* **Problem to work on**
Work through the data below and copy out every line where "beta" is found.

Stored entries
»»
theorem corollary3p2:
  fixes S :: "'a set" and m :: "'a \<Rightarrow> 'a \<Rightarrow> enat"
    and C1 C2 :: "('a \<Rightarrow> real) set"
  assumes "coxeter_matrix S m"
    and "cone_in S C1" and "cone_in S C2"
    and "C1 \<inter> C2 = {\<lambda>_. 0}"
  shows "\<exists>r. reflection_ordering S m r \<and>
           (\<forall>\<alpha>\<in>pos_roots S m \<inter> C1. \<forall>\<beta>\<in>pos_roots S m \<inter> C2. (\<alpha>, \<beta>) \<in> r \<and> \<alpha> \<noteq> \<beta>)"
proof -
  let ?P = "pos_roots S m"
  obtain M where M: "cone M" "pointed M" "balanced_diffs C1 C2 \<subseteq> M"
    and total: "\<forall>v. v \<in> M \<or> (\<lambda>i. - v i) \<in> M"
    using total_pointed_cone_extension[OF cone_balanced_diffs[OF assms(2,3)]
        pointed_balanced_diffs[OF assms(2-4)]] by blast
  have pos: "\<And>\<alpha>. \<alpha> \<in> ?P \<Longrightarrow> coord_sum \<alpha> > 0"
    using coord_sum_pos_root[OF assms(1)] .
  have "reflection_ordering S m (cone_order M ?P)"
    unfolding reflection_ordering_def
  proof (intro conjI ballI allI impI)
    show "linear_order_on ?P (cone_order M ?P)"
      using cone_order_linear[OF M(1,2) total pos pos_roots_proportional_eq[OF assms(1)]] .
    show "cone_order M ?P \<subseteq> ?P \<times> ?P"
      by (auto simp: cone_order_def)
  next
    fix \<alpha> \<beta> a b assume "\<alpha> \<in> ?P" "\<beta> \<in> ?P" "(a::real) > 0" "(b::real) > 0"
      "lincomb2 a \<alpha> b \<beta> \<in> ?P"
    then show "((\<alpha>, lincomb2 a \<alpha> b \<beta>) \<in> cone_order M ?P \<and> (lincomb2 a \<alpha> b \<beta>, \<beta>) \<in> cone_order M ?P) \<or>
        ((\<beta>, lincomb2 a \<alpha> b \<beta>) \<in> cone_order M ?P \<and> (lincomb2 a \<alpha> b \<beta>, \<alpha>) \<in> cone_order M ?P)"
      using cone_order_between[OF M(1) total] pos_root_finite_support by blast
  qed
  moreover have "(\<alpha>, \<beta>) \<in> cone_order M ?P \<and> \<alpha> \<noteq> \<beta>" if "\<alpha> \<in> ?P \<inter> C1" "\<beta> \<in> ?P \<inter> C2" for \<alpha> \<beta>
  proof
    show "(\<alpha>, \<beta>) \<in> cone_order M ?P"
      using that M(3) balanced_diff_in_balanced_diffs[OF assms(2,3), of \<alpha> \<beta>]
      by (auto simp: cone_order_def pos_roots_def)
    show "\<alpha> \<noteq> \<beta>"
    proof
      assume "\<alpha> = \<beta>"
      with that assms(4) have "\<alpha> = (\<lambda>_. 0)" by auto
      with that pos[of \<alpha>] show False by simp
    qed
  qed
  ultimately show ?thesis by blast
qed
««
* **Solution to this problem**
           (\<forall>\<alpha>\<in>pos_roots S m \<inter> C1. \<forall>\<beta>\<in>pos_roots S m \<inter> C2. (\<alpha>, \<beta>) \<in> r \<and> \<alpha> \<noteq> \<beta>)"
    fix \<alpha> \<beta> a b assume "\<alpha> \<in> ?P" "\<beta> \<in> ?P" "(a::real) > 0" "(b::real) > 0"
      "lincomb2 a \<alpha> b \<beta> \<in> ?P"
    then show "((\<alpha>, lincomb2 a \<alpha> b \<beta>) \<in> cone_order M ?P \<and> (lincomb2 a \<alpha> b \<beta>, \<beta>) \<in> cone_order M ?P) \<or>
        ((\<beta>, lincomb2 a \<alpha> b \<beta>) \<in> cone_order M ?P \<and> (lincomb2 a \<alpha> b \<beta>, \<alpha>) \<in> cone_order M ?P)"
  moreover have "(\<alpha>, \<beta>) \<in> cone_order M ?P \<and> \<alpha> \<noteq> \<beta>" if "\<alpha> \<in> ?P \<inter> C1" "\<beta> \<in> ?P \<inter> C2" for \<alpha> \<beta>
    show "(\<alpha>, \<beta>) \<in> cone_order M ?P"
      using that M(3) balanced_diff_in_balanced_diffs[OF assms(2,3), of \<alpha> \<beta>]
    show "\<alpha> \<noteq> \<beta>"
      assume "\<alpha> = \<beta>"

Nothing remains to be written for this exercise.